The bishop became active in the nation's political life and worked hard to ensure that the needs and the teachings of the Church became an integral focus of all public policies put forth. He also supported the work of the missionaries who had come to his diocese and the nation in general. Algotsson wrote various and extensive theological works in addition to poems for particular liturgical feasts. He created a special house in Paris for students from Skara. But his work soon ran afoul of the absolutist King Magnus Ladulås in 1288 which prompted him to flee into a brief exile to escape the monarch's retribution. His exile saw his father imprisoned and some brothers of his either killed or imprisoned. In 1289, King Magnus and Algotsson reconciled which allowed him to return to Skara to continue his work uninterrupted.

In 1304 he oversaw a thorn from Jesus Christ's Crown of Thorns brought to the Skara diocese at Lödöse due to close ties he shared with Norwegian prelates. This had been cultivated since the 1280s after he helped in the financing of the reconstruction of the Stavanger Cathedral which had been devastated in a fire. On 2 September 1304 he greeted a Norwegian ship and was presented with the thorn which was carried in solemn procession to the diocesan cathedral. This made his diocese a pilgrim destination that also generated revenue which Algotsson hoped to use to renovate the diocesan cathedral. He made 2 September the feast for the relic's reception and later wrote the "Historia de Spinea Corona" in order to describe how the thorn was gifted to his diocese.
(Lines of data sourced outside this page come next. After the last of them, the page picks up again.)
lemma zeta_of_nat: "zeta (real p) = (\<Sum>t. 1 / real (Suc t) ^ p)"
  by (simp add: zeta_def powr_realpow)

definition zeta_jet :: jet where "zeta_jet = Jet (zeta 2) (zeta 4) (zeta 6)"

lemma jet_nth_wzF_one: "i < 3 \<Longrightarrow> jet_nth i (wzF 1 (Suc t)) = 1 / real (Suc t) ^ (2 * i + 2)"
proof -
  assume "i < 3"
  then have "i = 0 \<or> i = 1 \<or> i = 2" by auto
  moreover have "wzF 1 (Suc t) = jet_recip_sq (real (Suc t))"
    by (simp add: wzF_def wz_norm_def central_binom_def wzA_def wzB_def jet_const_one)
  ultimately show ?thesis by (auto simp: jet_nth_def jet_recip_sq_def eval_nat_numeral)
qed

lemma wzF_partial_one_tendsto: "i < 3 \<Longrightarrow> (\<lambda>K. jet_nth i (wzF_partial 1 K)) \<longlonglongrightarrow> jet_nth i zeta_jet"
proof -
  assume i: "i < 3"
  have "i = 0 \<or> i = 1 \<or> i = 2"
    using i by auto
  then have "jet_nth i zeta_jet = zeta (real (2 * i + 2))"
    by (auto simp: jet_nth_def zeta_jet_def)
  moreover have "(\<lambda>K. \<Sum>t<K. 1 / real (Suc t) ^ (2 * i + 2)) \<longlonglongrightarrow> zeta (real (2 * i + 2))"
    unfolding zeta_of_nat by (intro summable_LIMSEQ summable_inverse_Suc_power) simp
  moreover have "jet_nth i (wzF_partial 1 K) = (\<Sum>t<K. 1 / real (Suc t) ^ (2 * i + 2))" for K
    unfolding wzF_partial_def jet_nth_simps using jet_nth_wzF_one[OF i] by simp
  ultimately show ?thesis by simp
qed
The bishop became noted in life for having performed several miracles such as that it was said he turned water into wine on several occasions, much like Jesus Christ had done at the wedding in Cana.
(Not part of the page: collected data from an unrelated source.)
(* Let $K>1$ and let $\kappa=(x_i)_{i\in\mathbb Z}$ and $\eta=(y_i)_{i\in\mathbb Z}$ be independent $K$-contracting axes in a geodesic metric space $X$. Then there exists $K'>0$ such that: (1) for every set $J$ of consecutive integers, $\kappa|_J=(x_i)_{i\in J}$ and $\eta|_J=(y_i)_{i\in J}$ are $K'$-contracting axes; (2) for every set $J$ of consecutive integers containing $0$, $\operatorname{diam}\big(x_0\cup\pi_{\kappa|_J}(\eta)\big)<K'$; (3) for every positive integer $M$, $\operatorname{diam}\big(x_0\cup\pi_{\{x_0,\ldots,x_M\}}(\{x_i:i\le0\})\big)<K'$.
   Context: $X$ is a geodesic metric space. For $A\subseteq X$, $\pi_A(z)=\{a\in A:d(z,a)=d(z,A)\}$ and $\pi_A(B)=\bigcup_{b\in B}\pi_A(b)$. $A$ is $K$-contracting if $\pi_A(z)\ne\emptyset$ for all $z$ and $d(x,y)\le d(x,A)-K$ implies $\operatorname{diam}(\pi_A(x)\cup\pi_A(y))\le K$. A $K$-contracting axis indexed by a set $J$ of consecutive integers is a family $(x_i)_{i\in J}$ with $|i-j|/K-K\le d(x_i,x_j)\le K|i-j|+K$ whose image is $K$-contracting; projections onto it mean onto its image. Sequences $(x_i),(y_i)$ indexed by $\mathbb Z$ are independent if for every $M>0$ the set $\{(n,m):d(x_n,y_m)<M\}$ is bounded. *)

theory Defs
  imports "HOL-Analysis.Analysis"
begin

text \<open>The ambient geodesic metric space X is the whole type 'a.\<close>

definition geodesic_space :: "'a::metric_space itself \<Rightarrow> bool" where
  "geodesic_space _ \<longleftrightarrow> (\<forall>x y::'a. \<exists>g::real \<Rightarrow> 'a. g 0 = x \<and> g (dist x y) = y \<and>
     (\<forall>s\<in>{0..dist x y}. \<forall>t\<in>{0..dist x y}. dist (g s) (g t) = \<bar>s - t\<bar>))"

definition proj :: "'a::metric_space set \<Rightarrow> 'a \<Rightarrow> 'a set" where
  "proj A z = {a \<in> A. dist z a = infdist z A}"

definition proj_set :: "'a::metric_space set \<Rightarrow> 'a set \<Rightarrow> 'a set" where
  "proj_set A B = (\<Union>b\<in>B. proj A b)"

text \<open>Diameter with values in the extended reals (infinite for unbounded sets).\<close>
definition diam :: "'a::metric_space set \<Rightarrow> ereal" where
  "diam S = (SUP p\<in>S \<times> S. ereal (dist (fst p) (snd p)))"

definition contracting :: "real \<Rightarrow> 'a::metric_space set \<Rightarrow> bool" where
  "contracting K A \<longleftrightarrow> (\<forall>z. proj A z \<noteq> {}) \<and>
     (\<forall>x y. dist x y \<le> infdist x A - K \<longrightarrow> diam (proj A x \<union> proj A y) \<le> ereal K)"

definition consecutive :: "int set \<Rightarrow> bool" where
  "consecutive J \<longleftrightarrow> J \<noteq> {} \<and> (\<forall>a\<in>J. \<forall>b\<in>J. \<forall>c. a \<le> c \<and> c \<le> b \<longrightarrow> c \<in> J)"

definition contracting_axis :: "real \<Rightarrow> int set \<Rightarrow> (int \<Rightarrow> 'a::metric_space) \<Rightarrow> bool" where
  "contracting_axis K J x \<longleftrightarrow> consecutive J \<and>
     (\<forall>i\<in>J. \<forall>j\<in>J. \<bar>real_of_int (i - j)\<bar> / K - K \<le> dist (x i) (x j) \<and>
                    dist (x i) (x j) \<le> K * \<bar>real_of_int (i - j)\<bar> + K) \<and>
     contracting K (x ` J)"

definition independent :: "(int \<Rightarrow> 'a::metric_space) \<Rightarrow> (int \<Rightarrow> 'a) \<Rightarrow> bool" where
  "independent x y \<longleftrightarrow> (\<forall>M>0. \<exists>N. \<forall>n m. dist (x n) (y m) < M \<longrightarrow> \<bar>n\<bar> \<le> N \<and> \<bar>m\<bar> \<le> N)"

end

theory Submission
  imports Defs
begin

(* Closest-point projection to a contracting axis has bounded geodesic image: a geodesic staying
   3K away from the axis projects to a set of diameter at most 8K.  Hence geodesics between axis
   points stay 28K-close to the axis, and the axis is uniformly straight: x b lies near every
   geodesic from x j to x k when j <= b <= k.  For a segment J, the projection of z onto x ` J is
   therefore close to x c, where c is the index of the projection of z onto the whole axis clamped
   into J; this gives (1) with a constant independent of J, and (3) by clamping the ray i <= 0 to 0.
   For (2), independence pushes y m far from the axis x for large |m|, while geodesics between
   points y m stay close to y; by bounded geodesic image the projections of y onto x have bounded
   indices, and clamping keeps them bounded. *)

lemma diam_leI:
  assumes "\<And>a b. a \<in> S \<Longrightarrow> b \<in> S \<Longrightarrow> dist a b \<le> c"
  shows "diam S \<le> ereal c"
  unfolding diam_def using assms by (auto intro!: SUP_least)

lemma dist_le_diam:
  assumes "diam S \<le> ereal c" "a \<in> S" "b \<in> S"
  shows "dist a b \<le> c"
proof -
  have "ereal (dist a b) \<le> diam S"
    unfolding diam_def using assms(2,3) by (intro SUP_upper2[of "(a, b)"]) auto
  then have "ereal (dist a b) \<le> ereal c" using assms(1) by (rule order_trans)
  then show ?thesis by simp
qed

lemma diam_insert_centre_le:
  assumes "\<And>e. e \<in> S \<Longrightarrow> dist e c \<le> B" "0 \<le> B"
  shows "diam ({c} \<union> S) \<le> ereal (2 * B)"
proof (rule diam_leI)
  fix a b assume "a \<in> {c} \<union> S" "b \<in> {c} \<union> S"
  then have "dist a c \<le> B" "dist b c \<le> B" using assms by auto
  then show "dist a b \<le> 2 * B" using dist_triangle2[of a b c] by linarith
qed

lemma proj_memD: "p \<in> proj A z \<Longrightarrow> p \<in> A \<and> dist z p = infdist z A"
  unfolding proj_def by auto

lemma infdist_geI:
  assumes "A \<noteq> {}" "\<And>a. a \<in> A \<Longrightarrow> c \<le> dist z a"
  shows "c \<le> infdist z A"
  using assms by (simp add: infdist_notempty cINF_greatest)

lemma contracting_axis_mono:
  assumes "contracting_axis c J x" "c \<le> c'" "c > 0"
  shows "contracting_axis c' J x"
  unfolding contracting_axis_def
proof (intro conjI ballI)
  show "consecutive J" using assms(1) unfolding contracting_axis_def by simp
  fix i j assume ij: "i \<in> J" "j \<in> J"
  have "\<bar>real_of_int (i - j)\<bar> / c' \<le> \<bar>real_of_int (i - j)\<bar> / c"
    using assms(2,3) by (intro divide_left_mono) auto
  then show "\<bar>real_of_int (i - j)\<bar> / c' - c' \<le> dist (x i) (x j)"
    using assms ij unfolding contracting_axis_def by fastforce
  have "c * \<bar>real_of_int (i - j)\<bar> \<le> c' * \<bar>real_of_int (i - j)\<bar>"
    using assms(2) by (intro mult_right_mono) auto
  then show "dist (x i) (x j) \<le> c' * \<bar>real_of_int (i - j)\<bar> + c'"
    using assms ij unfolding contracting_axis_def by fastforce
next
  have c: "contracting c (x ` J)" using assms(1) unfolding contracting_axis_def by simp
  show "contracting c' (x ` J)" unfolding contracting_def
  proof (intro conjI allI impI)
    fix z show "proj (x ` J) z \<noteq> {}" using c unfolding contracting_def by simp
  next
    fix z w assume "dist z w \<le> infdist z (x ` J) - c'"
    then have "dist z w \<le> infdist z (x ` J) - c" using assms(2) by simp
    then have "diam (proj (x ` J) z \<union> proj (x ` J) w) \<le> ereal c"
      using c unfolding contracting_def by simp
    then show "diam (proj (x ` J) z \<union> proj (x ` J) w) \<le> ereal c'"
      using assms(2) by (simp add: order_trans)
  qed
qed

lemma contracting_axis_reflect:
  assumes "contracting_axis K UNIV y"
  shows "contracting_axis K UNIV (\<lambda>m. y (- m))"
proof -
  have "range (\<lambda>m. y (- m)) = range y"
  proof
    show "range y \<subseteq> range (\<lambda>m. y (- m))"
    proof
      fix b assume "b \<in> range y"
      then obtain m where "b = y m" by auto
      then show "b \<in> range (\<lambda>m. y (- m))" by (metis minus_minus rangeI)
    qed
  qed auto
  moreover have "\<bar>real_of_int (i - j)\<bar> / K - K \<le> dist (y (- i)) (y (- j)) \<and>
      dist (y (- i)) (y (- j)) \<le> K * \<bar>real_of_int (i - j)\<bar> + K" for i j
  proof -
    have "\<bar>real_of_int (- i - - j)\<bar> = \<bar>real_of_int (i - j)\<bar>"
      by (simp only: minus_diff_minus of_int_minus abs_minus_cancel)
    then show ?thesis using assms unfolding contracting_axis_def by (metis UNIV_I)
  qed
  ultimately show ?thesis using assms unfolding contracting_axis_def by simp
qed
He died in 1317 and his remains were interred in the Skara Cathedral. Bridget of Sweden visited his tomb on 2 February 1349 and there received a vision that revealed to her the holiness of the late bishop. In her vision she saw the Blessed Mother and Jesus Christ who also pointed out Algotsson's holiness to her, for she also saw bishop Brynolf in her vision. The Statute of Bishop Brynolf is accredited to him.

==Sainthood==
King Erik of Pomerania appointed a commission in Skara in 1417 to collect documentation and testimonies (over 50 in total) needed for the late bishop with the cause being entrusted at some later point to Swedish monks who did additional research on the bishop's life and miracles; permission had been granted on 27 April 1416 for the process to be held which took place from 12 April 1417 until that 28 April. In 1414 the Archbishop of Uppsala Johannes Haquini and three other bishops (in addition to the Bishop of Lund Peder Kruse and the Bishop of Nidaros Eskil) wrote an application to the Council of Constance asking that he be canonized. Pope Martin V confirmed the cause would continue and provided his encouragement as to the cause's continuation. There were 34 miracles recorded between 1404 and 1417 either in Skara or Lödöse as the process determined.
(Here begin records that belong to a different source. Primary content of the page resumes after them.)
text \<open>
  Only countably many \<open>q\<close> can be handled at once; rational \<open>q\<close> close to \<open>u x\<close> suffice since
  \<open>|u(x + v) - u x| \<le> |u(x + v) - q| + |u x - q|\<close>.
\<close>

lemma AE_lebesgue_point_cube:
  fixes u :: "'a::euclidean_space \<Rightarrow> real"
  assumes u: "integrable lborel u"
  shows "AE x in lborel. \<forall>e>0. \<forall>\<^sub>F a in at_right 0.
    (\<integral>\<^sup>+v. ennreal \<bar>u (x + v) - u x\<bar> * indicator (cbox (-(a *\<^sub>R One)) (a *\<^sub>R One)) v \<partial>lborel)
      \<le> ennreal (e * a ^ DIM('a))"
proof -
  have [measurable]: "u \<in> borel_measurable borel"
    using borel_measurable_integrable[OF u] by simp
  have "AE x in lborel. \<forall>q\<in>\<rat>. \<forall>e>0. \<forall>\<^sub>F a in at_right 0.
      (\<integral>\<^sup>+v. ennreal \<bar>u (x + v) - q\<bar> * indicator (cbox (-(a *\<^sub>R One)) (a *\<^sub>R One)) v \<partial>lborel)
        \<le> ennreal ((2 * a) ^ DIM('a) * (\<bar>u x - q\<bar> + e))"
    using AE_centered_cube_le[OF u] by (subst AE_ball_countable) (auto simp: countable_rat)
  then show ?thesis
  proof eventually_elim
    case (elim x)
    show ?case
    proof (intro allI impI)
      fix e :: real assume "e > 0"
      define e' where "e' = e / (3 * 2 ^ DIM('a))"
      have "e' > 0" using \<open>e > 0\<close> by (simp add: e'_def)
      obtain q where "q \<in> \<rat>" and q: "\<bar>u x - q\<bar> < e'"
        using Rats_dense_in_real[of "u x - e'" "u x"] \<open>e' > 0\<close> by auto
      let ?K = "\<lambda>a. cbox (-(a *\<^sub>R One)) (a *\<^sub>R One) :: 'a set"
      have "\<forall>\<^sub>F a in at_right 0. (\<integral>\<^sup>+v. ennreal \<bar>u (x + v) - q\<bar> * indicator (?K a) v \<partial>lborel)
          \<le> ennreal ((2 * a) ^ DIM('a) * (\<bar>u x - q\<bar> + e'))"
        using elim \<open>q \<in> \<rat>\<close> \<open>e' > 0\<close> by blast
      moreover have "\<forall>\<^sub>F a in at_right (0::real). 0 < a"
        by (rule eventually_at_right_less)
      ultimately show "\<forall>\<^sub>F a in at_right 0.
          (\<integral>\<^sup>+v. ennreal \<bar>u (x + v) - u x\<bar> * indicator (?K a) v \<partial>lborel) \<le> ennreal (e * a ^ DIM('a))"
      proof eventually_elim
        case (elim a)
        have "(\<integral>\<^sup>+v. ennreal \<bar>u (x + v) - u x\<bar> * indicator (?K a) v \<partial>lborel)
            \<le> (\<integral>\<^sup>+v. ennreal \<bar>u (x + v) - q\<bar> * indicator (?K a) v \<partial>lborel)
              + ennreal \<bar>u x - q\<bar> * ennreal ((2 * a) ^ DIM('a))"
          using \<open>0 < a\<close> by (intro nn_integral_centered_cube_abs_diff_le) simp_all
        also have "\<dots> \<le> ennreal ((2 * a) ^ DIM('a) * (\<bar>u x - q\<bar> + e')) + ennreal (\<bar>u x - q\<bar> * (2 * a) ^ DIM('a))"
          using \<open>0 < a\<close> by (intro add_mono[OF elim(1)]) (simp add: ennreal_mult)
        also have "\<dots> = ennreal ((2 * a) ^ DIM('a) * (\<bar>u x - q\<bar> + e') + \<bar>u x - q\<bar> * (2 * a) ^ DIM('a))"
          using \<open>0 < a\<close> \<open>e' > 0\<close> by (intro ennreal_plus[symmetric]) auto
        also have "\<dots> \<le> ennreal (e * a ^ DIM('a))"
          using q \<open>0 < a\<close> mult_right_mono[OF less_imp_le[OF q], of "(2 * a) ^ DIM('a)"]
          by (intro ennreal_leI) (simp add: e'_def field_simps)
        finally show ?case .
      qed
    qed
  qed
qed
In 1492 additional documentation was collected for submission to Pope Innocent VIII with the intention of having Algotsson canonized in 1498. But Innocent VIII's death in 1492 hindered this to a significant degree. But Innocent VIII had given permission not long before his death for Algotsson's relics to be translated and a liturgical feast in his name affixed to that date. This took place during the pontificate of his successor Pope Alexander VI on 16 August 1492 (who had just been elected a week prior) which acted as a sort of "de facto" canonization even though no formal sanctification was celebrated and no official papal bull subscribed.

Hemming Gadd—on the behalf of Sten Sture the Elder—spoke to Pope Alexander VI on the subject of the canonization of the bishop and told the pontiff that it would be good for the Swedish church for four Swedish Blesseds such as Hemming of Turku to be canonized. This request was repeated in 1499 since no progress had been made and on 16 March 1499 the pope granted permission for a second translation of relics. This never occurred.